# Find a torsion free, non cyclic, abelian group $A$ such that $\operatorname{Aut}(A)$ has order 2

Is there any chance to find a torsion free, non cyclic, abelian group $A$ such that $\operatorname{Aut}(A)=\mathbb Z_2$? ($\mathbb Z_2$ is the cyclic group of order $2$)

Notation

$\operatorname{Aut}(A)$ is the group of autmorphisms of $A$.

#### Solutions Collecting From Web of "Find a torsion free, non cyclic, abelian group $A$ such that $\operatorname{Aut}(A)$ has order 2"

Yes. Let $A=\left\{ \tfrac ab : a,b \in \mathbb{Z}, b \textrm{ is square-free} \right\}$.

If $A \leq \mathbb{Q}$ then its ring of endomorphisms is a subring of $\mathbb{Q}$. Its automorphisms are the invertible elements, those $\tfrac ab \in \mathbb{Q}^\times$ such that multiplication by them is both injective (automatic) and surjective (special).

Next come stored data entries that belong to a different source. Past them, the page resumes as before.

(* Let $A_m(x)=R_{2m}(x)$ and $B_m(x)=R_{2m+1}(x)$. For every integer $m\ge 3$, \[ A_m(x)=(1+x+x^2)A_{m-1}(x)-x^2A_{m-2}(x),\qquad B_m(x)=(1+x+x^2)B_{m-1}(x)-x^2B_{m-2}(x). \]
   Context: For $n\ge1$ let $\Xi_n$ be the poset on $\{x_1,\dots,x_n\}$ whose cover relations are exactly: $x_2\prec x_1$, $x_3\prec x_2$, and for $3\le i\le n-1$, $x_i\prec x_{i+1}$ if $i$ is odd and $x_{i+1}\prec x_i$ if $i$ is even (so $x_1>x_2>x_3<x_4>x_5<\cdots$). A filter of a poset is an up-closed subset. $\Omega_n$ is the lattice of filters of $\Xi_n$ under reverse inclusion; $\Omega_0$ is the one-element lattice. $R_n(x)=\sum_{F\in\Omega_n}x^{\,n-|F|}$ is the rank generating function of $\Omega_n$, with $R_0(x)=1$. *)

theory Defs
  imports "HOL-Computational_Algebra.Polynomial"
begin

text \<open>The poset Xi_n on the elements x_1..x_n, represented by the indices 1..n.
  A pair (i,j) in xi_covers n means x_i is covered by x_j (x_i \<prec> x_j).\<close>
definition xi_covers :: "nat \<Rightarrow> (nat \<times> nat) set" where
  "xi_covers n =
     (if 2 \<le> n then {(2,1)} else {}) \<union>
     (if 3 \<le> n then {(3,2)} else {}) \<union>
     {(i, i+1) | i. 3 \<le> i \<and> i \<le> n - 1 \<and> odd i} \<union>
     {(i+1, i) | i. 3 \<le> i \<and> i \<le> n - 1 \<and> even i}"

definition xi_le :: "nat \<Rightarrow> nat \<Rightarrow> nat \<Rightarrow> bool" where
  "xi_le n i j \<longleftrightarrow> i \<in> {1..n} \<and> j \<in> {1..n} \<and> (i, j) \<in> (xi_covers n)\<^sup>*"

definition xi_filters :: "nat \<Rightarrow> nat set set" where
  "xi_filters n = {F. F \<subseteq> {1..n} \<and> (\<forall>i\<in>F. \<forall>j. xi_le n i j \<longrightarrow> j \<in> F)}"

text \<open>Rank generating function of Omega_n (filters under reverse inclusion).\<close>
definition R :: "nat \<Rightarrow> int poly" where
  "R n = (\<Sum>F\<in>xi_filters n. monom 1 (n - card F))"

definition A :: "nat \<Rightarrow> int poly" where "A m = R (2*m)"
definition B :: "nat \<Rightarrow> int poly" where "B m = R (2*m+1)"

end

theory Submission imports Defs begin

text \<open>Build \<open>\<Xi>\<^sub>n\<^sub>+\<^sub>1\<close> from \<open>\<Xi>\<^sub>n\<close> by adding the new element \<open>x\<^sub>n\<^sub>+\<^sub>1\<close>, and split the filters
  according to whether they contain the last element. The pair of generating functions
  of the two classes evolves by one of two \<open>2\<times>2\<close> transfer matrices, according to whether
  \<open>x\<^sub>n\<^sub>+\<^sub>1\<close> lies above or below \<open>x\<^sub>n\<close>. From \<open>n \<ge> 2\<close> on these directions alternate, so two
  steps act by a fixed product \<open>M\<close> of trace \<open>1 + x + x\<^sup>2\<close> and determinant \<open>x\<^sup>2\<close>; the
  Cayley--Hamilton identity \<open>M\<^sup>2 = (1 + x + x\<^sup>2) M - x\<^sup>2\<close> gives the recurrence
  \<open>R\<^sub>n\<^sub>+\<^sub>4 = (1 + x + x\<^sup>2) R\<^sub>n\<^sub>+\<^sub>2 - x\<^sup>2 R\<^sub>n\<close>, whose even and odd instances are the theorem.\<close>

definition xi_rises_at :: "nat \<Rightarrow> bool" where
  "xi_rises_at n \<longleftrightarrow> 3 \<le> n \<and> odd n"

definition xi_new_cover :: "nat \<Rightarrow> nat \<times> nat" where
  "xi_new_cover n = (if xi_rises_at n then (n, Suc n) else (Suc n, n))"

lemma xi_covers_subset: "xi_covers n \<subseteq> {1..n} \<times> {1..n}"
  unfolding xi_covers_def by auto

lemma xi_covers_iff:
  "(i, j) \<in> xi_covers n \<longleftrightarrow>
     (2 \<le> n \<and> i = 2 \<and> j = 1) \<or> (3 \<le> n \<and> i = 3 \<and> j = 2) \<or>
     (3 \<le> i \<and> i + 1 \<le> n \<and> odd i \<and> j = i + 1) \<or> (3 \<le> j \<and> j + 1 \<le> n \<and> even j \<and> i = j + 1)"
  unfolding xi_covers_def by auto

lemma xi_covers_Suc:
  assumes "1 \<le> n"
  shows "xi_covers (Suc n) = insert (xi_new_cover n) (xi_covers n)"
proof (intro set_eqI)
  fix p :: "nat \<times> nat"
  obtain i j where p: "p = (i, j)" by fastforce
  show "p \<in> xi_covers (Suc n) \<longleftrightarrow> p \<in> insert (xi_new_cover n) (xi_covers n)"
  proof (cases "xi_rises_at n")
    case True
    then have cover: "xi_new_cover n = (n, Suc n)"
      by (simp add: xi_new_cover_def)
    show ?thesis
      unfolding p insert_iff xi_covers_iff cover prod.inject
      using assms True[unfolded xi_rises_at_def] by (auto simp: le_Suc_eq)
  next
    case False
    then have cover: "xi_new_cover n = (Suc n, n)"
      by (simp add: xi_new_cover_def)
    show ?thesis
      unfolding p insert_iff xi_covers_iff cover prod.inject
      using assms False[unfolded xi_rises_at_def] by (cases "n = 1"; cases "n = 2"; auto simp: le_Suc_eq)
  qed
qed

lemma xi_filters_cover_closed:
  "xi_filters n = {F. F \<subseteq> {1..n} \<and> (\<forall>i j. (i, j) \<in> xi_covers n \<longrightarrow> i \<in> F \<longrightarrow> j \<in> F)}"
proof (intro set_eqI iffI)
  fix F assume "F \<in> xi_filters n"
  then show "F \<in> {F. F \<subseteq> {1..n} \<and> (\<forall>i j. (i, j) \<in> xi_covers n \<longrightarrow> i \<in> F \<longrightarrow> j \<in> F)}"
    unfolding xi_filters_def xi_le_def using xi_covers_subset by blast
next
  fix F assume F: "F \<in> {F. F \<subseteq> {1..n} \<and> (\<forall>i j. (i, j) \<in> xi_covers n \<longrightarrow> i \<in> F \<longrightarrow> j \<in> F)}"
  have "j \<in> F" if "(i, j) \<in> (xi_covers n)\<^sup>*" "i \<in> F" for i j
    using that by (induction rule: rtrancl_induct) (use F in auto)
  then show "F \<in> xi_filters n"
    using F unfolding xi_filters_def xi_le_def by blast
qed

lemma xi_filter_subset: "F \<in> xi_filters n \<Longrightarrow> F \<subseteq> {1..n}"
  unfolding xi_filters_def by blast

lemma finite_xi_filters: "finite (xi_filters n)"
  by (rule finite_subset[of _ "Pow {1..n}"]) (use xi_filter_subset in auto)

lemma xi_filters_Suc_iff:
  assumes "1 \<le> n" and "xi_new_cover n = (a, b)"
  shows "F \<in> xi_filters (Suc n) \<longleftrightarrow>
           F \<subseteq> {1..Suc n} \<and> F - {Suc n} \<in> xi_filters n \<and> (a \<in> F \<longrightarrow> b \<in> F)"
proof -
  let ?closed = "\<forall>i j. (i, j) \<in> xi_covers n \<longrightarrow> i \<in> F \<longrightarrow> j \<in> F"
  have "F \<in> xi_filters (Suc n) \<longleftrightarrow> F \<subseteq> {1..Suc n} \<and> (a \<in> F \<longrightarrow> b \<in> F) \<and> ?closed"
    unfolding xi_filters_cover_closed xi_covers_Suc[OF assms(1)] assms(2) by blast
  moreover have "F - {Suc n} \<in> xi_filters n \<longleftrightarrow> F - {Suc n} \<subseteq> {1..n} \<and> ?closed"
  proof -
    have "i \<in> F - {Suc n} \<longleftrightarrow> i \<in> F" "j \<in> F - {Suc n} \<longleftrightarrow> j \<in> F"
      if "(i, j) \<in> xi_covers n" for i j
      using that xi_covers_subset[of n] by fastforce+
    then show ?thesis
      unfolding xi_filters_cover_closed mem_Collect_eq by meson
  qed
  moreover have "F \<subseteq> {1..Suc n} \<Longrightarrow> F - {Suc n} \<subseteq> {1..n}"
    by auto
  ultimately show ?thesis
    by blast
qed

lemma xi_filters_Suc_with_last:
  assumes "1 \<le> n" and "xi_new_cover n = (a, b)"
  shows "{F \<in> xi_filters (Suc n). Suc n \<in> F} =
           insert (Suc n) ` {G \<in> xi_filters n. a \<in> insert (Suc n) G \<longrightarrow> b \<in> insert (Suc n) G}"
proof (intro set_eqI iffI)
  fix F assume "F \<in> {F \<in> xi_filters (Suc n). Suc n \<in> F}"
  then have "F = insert (Suc n) (F - {Suc n})" "F - {Suc n} \<in> xi_filters n" "a \<in> F \<longrightarrow> b \<in> F"
    using xi_filters_Suc_iff[OF assms] by auto
  then show "F \<in> insert (Suc n) ` {G \<in> xi_filters n. a \<in> insert (Suc n) G \<longrightarrow> b \<in> insert (Suc n) G}"
    by (metis (no_types, lifting) image_eqI mem_Collect_eq)
next
  fix F assume "F \<in> insert (Suc n) ` {G \<in> xi_filters n. a \<in> insert (Suc n) G \<longrightarrow> b \<in> insert (Suc n) G}"
  then obtain G where G: "G \<in> xi_filters n" "F = insert (Suc n) G" "a \<in> F \<longrightarrow> b \<in> F"
    by blast
  moreover have "F - {Suc n} = G" "F \<subseteq> {1..Suc n}"
    using G xi_filter_subset[of G n] by auto
  ultimately show "F \<in> {F \<in> xi_filters (Suc n). Suc n \<in> F}"
    using xi_filters_Suc_iff[OF assms, of F] by simp
qed

lemma xi_filters_Suc_without_last:
  assumes "1 \<le> n" and "xi_new_cover n = (a, b)"
  shows "{F \<in> xi_filters (Suc n). Suc n \<notin> F} = {G \<in> xi_filters n. a \<in> G \<longrightarrow> b \<in> G}"
proof (intro set_eqI iffI)
  fix F assume F: "F \<in> {F \<in> xi_filters (Suc n). Suc n \<notin> F}"
  then have "F - {Suc n} = F"
    by auto
  with F show "F \<in> {G \<in> xi_filters n. a \<in> G \<longrightarrow> b \<in> G}"
    using xi_filters_Suc_iff[OF assms, of F] by (metis (mono_tags, lifting) mem_Collect_eq)
next
  fix F assume F: "F \<in> {G \<in> xi_filters n. a \<in> G \<longrightarrow> b \<in> G}"
  moreover have "F \<subseteq> {1..Suc n}" "Suc n \<notin> F" "F - {Suc n} = F"
    using F xi_filter_subset[of F n] by auto
  ultimately show "F \<in> {F \<in> xi_filters (Suc n). Suc n \<notin> F}"
    using xi_filters_Suc_iff[OF assms, of F] by (metis (mono_tags, lifting) mem_Collect_eq)
qed

definition rank_poly :: "nat \<Rightarrow> nat set set \<Rightarrow> 'a::comm_semiring_1 poly" where
  "rank_poly n S = (\<Sum>F\<in>S. monom 1 (n - card F))"

lemma rank_poly_insert_image:
  assumes "S \<subseteq> Pow {1..n}"
  shows "rank_poly (Suc n) (insert (Suc n) ` S) = rank_poly n S"
proof -
  have fresh: "Suc n \<notin> G" and fin: "finite G" if "G \<in> S" for G
    using that assms by (fastforce, meson PowD finite_atLeastAtMost finite_subset subsetD)
  have "inj_on (insert (Suc n)) S"
    by (rule inj_onI) (metis fresh insert_ident)
  then have "rank_poly (Suc n) (insert (Suc n) ` S) =
               (\<Sum>G\<in>S. monom 1 (Suc n - card (insert (Suc n) G)))"
    unfolding rank_poly_def by (simp add: sum.reindex)
  also have "\<dots> = rank_poly n S"
    unfolding rank_poly_def by (rule sum.cong) (simp_all add: fresh fin)
  finally show ?thesis .
qed

lemma rank_poly_Suc:
  assumes "S \<subseteq> Pow {1..n}"
  shows "rank_poly (Suc n) S = monom 1 1 * rank_poly n S"
  unfolding rank_poly_def sum_distrib_left
proof (rule sum.cong)
  fix F assume "F \<in> S"
  then have "card F \<le> n"
    using assms card_mono[of "{1..n}" F] by auto
  then show "monom 1 (Suc n - card F) = monom 1 1 * (monom 1 (n - card F) :: 'a poly)"
    by (simp add: mult_monom Suc_diff_le)
qed simp

definition R_split :: "nat \<Rightarrow> int poly \<times> int poly" where
  "R_split n = (rank_poly n {F \<in> xi_filters n. n \<in> F}, rank_poly n {F \<in> xi_filters n. n \<notin> F})"

lemma R_eq_R_split: "R n = case_prod (+) (R_split n)"
  unfolding R_def R_split_def rank_poly_def
  using sum.Int_Diff[OF finite_xi_filters, of _ n "{F. n \<in> F}"]
  by (simp add: Int_def set_diff_eq conj_commute)

text \<open>The transfer maps acting on the pair (filters containing the last element, filters
  avoiding it); the flag says whether the new element lies above the previous one.\<close>
fun fence_step :: "bool \<Rightarrow> 'a::comm_semiring_1 \<Rightarrow> 'a \<times> 'a \<Rightarrow> 'a \<times> 'a" where
  "fence_step True X (p, q) = (p + q, X * q)"
| "fence_step False X (p, q) = (p, X * (p + q))"

lemma R_split_Suc:
  assumes n: "1 \<le> n"
  shows "R_split (Suc n) = fence_step (xi_rises_at n) (monom 1 1) (R_split n)"
proof -
  have Pow: "xi_filters n \<subseteq> Pow {1..n}" "{G \<in> xi_filters n. P G} \<subseteq> Pow {1..n}" for P
    using xi_filter_subset by blast+
  have fresh: "Suc n \<notin> G" if "G \<in> xi_filters n" for G
    using that xi_filter_subset[of G n] by auto
  show ?thesis
  proof (cases "xi_rises_at n")
    case True
    then have cover: "xi_new_cover n = (n, Suc n)"
      by (simp add: xi_new_cover_def)
    have "rank_poly (Suc n) {F \<in> xi_filters (Suc n). Suc n \<in> F} = (R n :: int poly)"
      using xi_filters_Suc_with_last[OF n cover] Pow
      by (simp add: rank_poly_insert_image R_def rank_poly_def[symmetric])
    moreover have "{G \<in> xi_filters n. n \<in> G \<longrightarrow> Suc n \<in> G} = {G \<in> xi_filters n. n \<notin> G}"
      using fresh by blast
    then have "rank_poly (Suc n) {F \<in> xi_filters (Suc n). Suc n \<notin> F} =
                 monom 1 1 * (rank_poly n {G \<in> xi_filters n. n \<notin> G} :: int poly)"
      using xi_filters_Suc_without_last[OF n cover] Pow by (simp add: rank_poly_Suc)
    ultimately show ?thesis
      using True by (simp add: R_split_def R_eq_R_split)
  next
    case False
    then have cover: "xi_new_cover n = (Suc n, n)"
      by (simp add: xi_new_cover_def)
    have "rank_poly (Suc n) {F \<in> xi_filters (Suc n). Suc n \<in> F} =
            (rank_poly n {G \<in> xi_filters n. n \<in> G} :: int poly)"
      using xi_filters_Suc_with_last[OF n cover] Pow by (simp add: rank_poly_insert_image)
    moreover have "{G \<in> xi_filters n. Suc n \<in> G \<longrightarrow> n \<in> G} = xi_filters n"
      using fresh by blast
    then have "rank_poly (Suc n) {F \<in> xi_filters (Suc n). Suc n \<notin> F} = monom 1 1 * (R n :: int poly)"
      using xi_filters_Suc_without_last[OF n cover] Pow
      by (simp add: rank_poly_Suc R_def rank_poly_def[symmetric])
    ultimately show ?thesis
      using False by (simp add: R_split_def R_eq_R_split)
  qed
qed

text \<open>Both products of the two transfer matrices have trace \<open>1 + X + X\<^sup>2\<close> and determinant
  \<open>X\<^sup>2\<close>; this is their Cayley--Hamilton identity, read off on the sum of the coordinates.\<close>
lemma fence_step_alternating_recurrence:
  fixes X :: "'a::comm_ring_1" and b :: bool
  defines "M \<equiv> fence_step (\<not> b) X \<circ> fence_step b X"
  shows "case_prod (+) (M (M v)) = (1 + X + X * X) * case_prod (+) (M v) - X * X * case_prod (+) v"
  unfolding M_def by (cases b; cases v) (simp_all add: algebra_simps)

lemma R_recurrence:
  assumes "2 \<le> n"
  shows "R (n + 4) = [:1, 1, 1:] * R (n + 2) - monom 1 2 * R n"
proof -
  define X :: "int poly" where "X = monom 1 1"
  define M where "M = fence_step (\<not> xi_rises_at n) X \<circ> fence_step (xi_rises_at n) X"
  have alternates: "xi_rises_at (Suc k) \<longleftrightarrow> \<not> xi_rises_at k" if "2 \<le> k" for k
    using that unfolding xi_rises_at_def by presburger
  have two_steps: "R_split (k + 2) = M (R_split k)" if "2 \<le> k" "xi_rises_at k = xi_rises_at n" for k
    using that by (simp add: M_def X_def R_split_Suc alternates)
  have "xi_rises_at (n + 2) = xi_rises_at n"
    unfolding xi_rises_at_def using assms by presburger
  then have "R (n + 4) = case_prod (+) (M (M (R_split n)))"
    using two_steps[of n] two_steps[of "n + 2"] assms
    by (simp add: R_eq_R_split numeral_Bit0 add.assoc)
  also have "\<dots> = (1 + X + X * X) * case_prod (+) (M (R_split n)) - X * X * case_prod (+) (R_split n)"
    unfolding M_def by (rule fence_step_alternating_recurrence)
  also have "\<dots> = [:1, 1, 1:] * R (n + 2) - monom 1 2 * R n"
  proof -
    have "[:1, 1, 1:] = 1 + X + X * X" "monom 1 2 = X * X"
      unfolding X_def by (simp add: monom_altdef one_pCons) (simp add: mult_monom numeral_2_eq_2)
    then show ?thesis
      using two_steps[of n] assms by (simp add: R_eq_R_split)
  qed
  finally show ?thesis .
qed

theorem mainTheorem3:
  fixes m :: nat
  assumes "m \<ge> 3"
  shows "A m = [:1, 1, 1:] * A (m - 1) - monom 1 2 * A (m - 2) \<and>
         B m = [:1, 1, 1:] * B (m - 1) - monom 1 2 * B (m - 2)"
proof -
  define n where "n = 2 * (m - 2)"
  have "2 \<le> n" "2 * m = n + 4" "2 * (m - 1) = n + 2" "2 * (m - 2) = n"
    using assms by (simp_all add: n_def)
  then show ?thesis
    unfolding A_def B_def using R_recurrence[of n] R_recurrence[of "n + 1"]
    by (simp add: add.commute add.left_commute)
qed

end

An abelian group $A$ is said to be $n$-divisible for an element $n \in \mathbb{Z}\setminus\{0\}$ when $nA = A$, that is, when multiplication by $n$ is surjective. Suppose $\tfrac ab A = A$ with $\gcd(a,b)=1$. Find $u,v$ such that $au+bv=1$, then for $x \in A$, we have $\tfrac 1b x = \tfrac{au+bv}{b} = u \tfrac ab x + v x \in A$, so $A$ is $b$-divisible. By symmetry, since $\tfrac ba = {\left(\tfrac ab\right)}^{-1} \in \newcommand{\Aut}{\operatorname{Aut}}\Aut(A)$ as well, $A$ is $a$-divisible.

In other words, $\Aut(A) = \left\{ \tfrac ab \in \mathbb{Q}^\times : A \text{ is$a$-divisible and$b$-divisible } \right\}$.

Every abelian group is $1$-divisible and $-1$-divisible, so $Z_2 \cong \{1,-1\} \leq \Aut(A)$. Most torsion-free rank 1 groups are only $1$ and $-1$ divisible, but they might also be $p$-divisible for some primes $p$. If they are, then their automorphism group is bigger. Explicitly, $\Aut(A) \cong Z_2 \times F$, where $F$ is the free abelian group with basis those primes $p$ such that $A$ is $p$-divisible.

For the specific group $A=\left\{ \tfrac ab : a,b \in \mathbb{Z}, b \textrm{ is square-free} \right\}$ that I mention, $A$ is not $p$-divisible for any prime $p$ (since the denominators would eventually be divisible by $p^2$).

Most torsion-free rank-one $A$ work, you just need to make sure they aren’t $p$-divisible for any prime $p$.

Your earlier question ($\Aut(A)$ has a unique element of order 2) was satisfied by all torsion-free rank-one groups.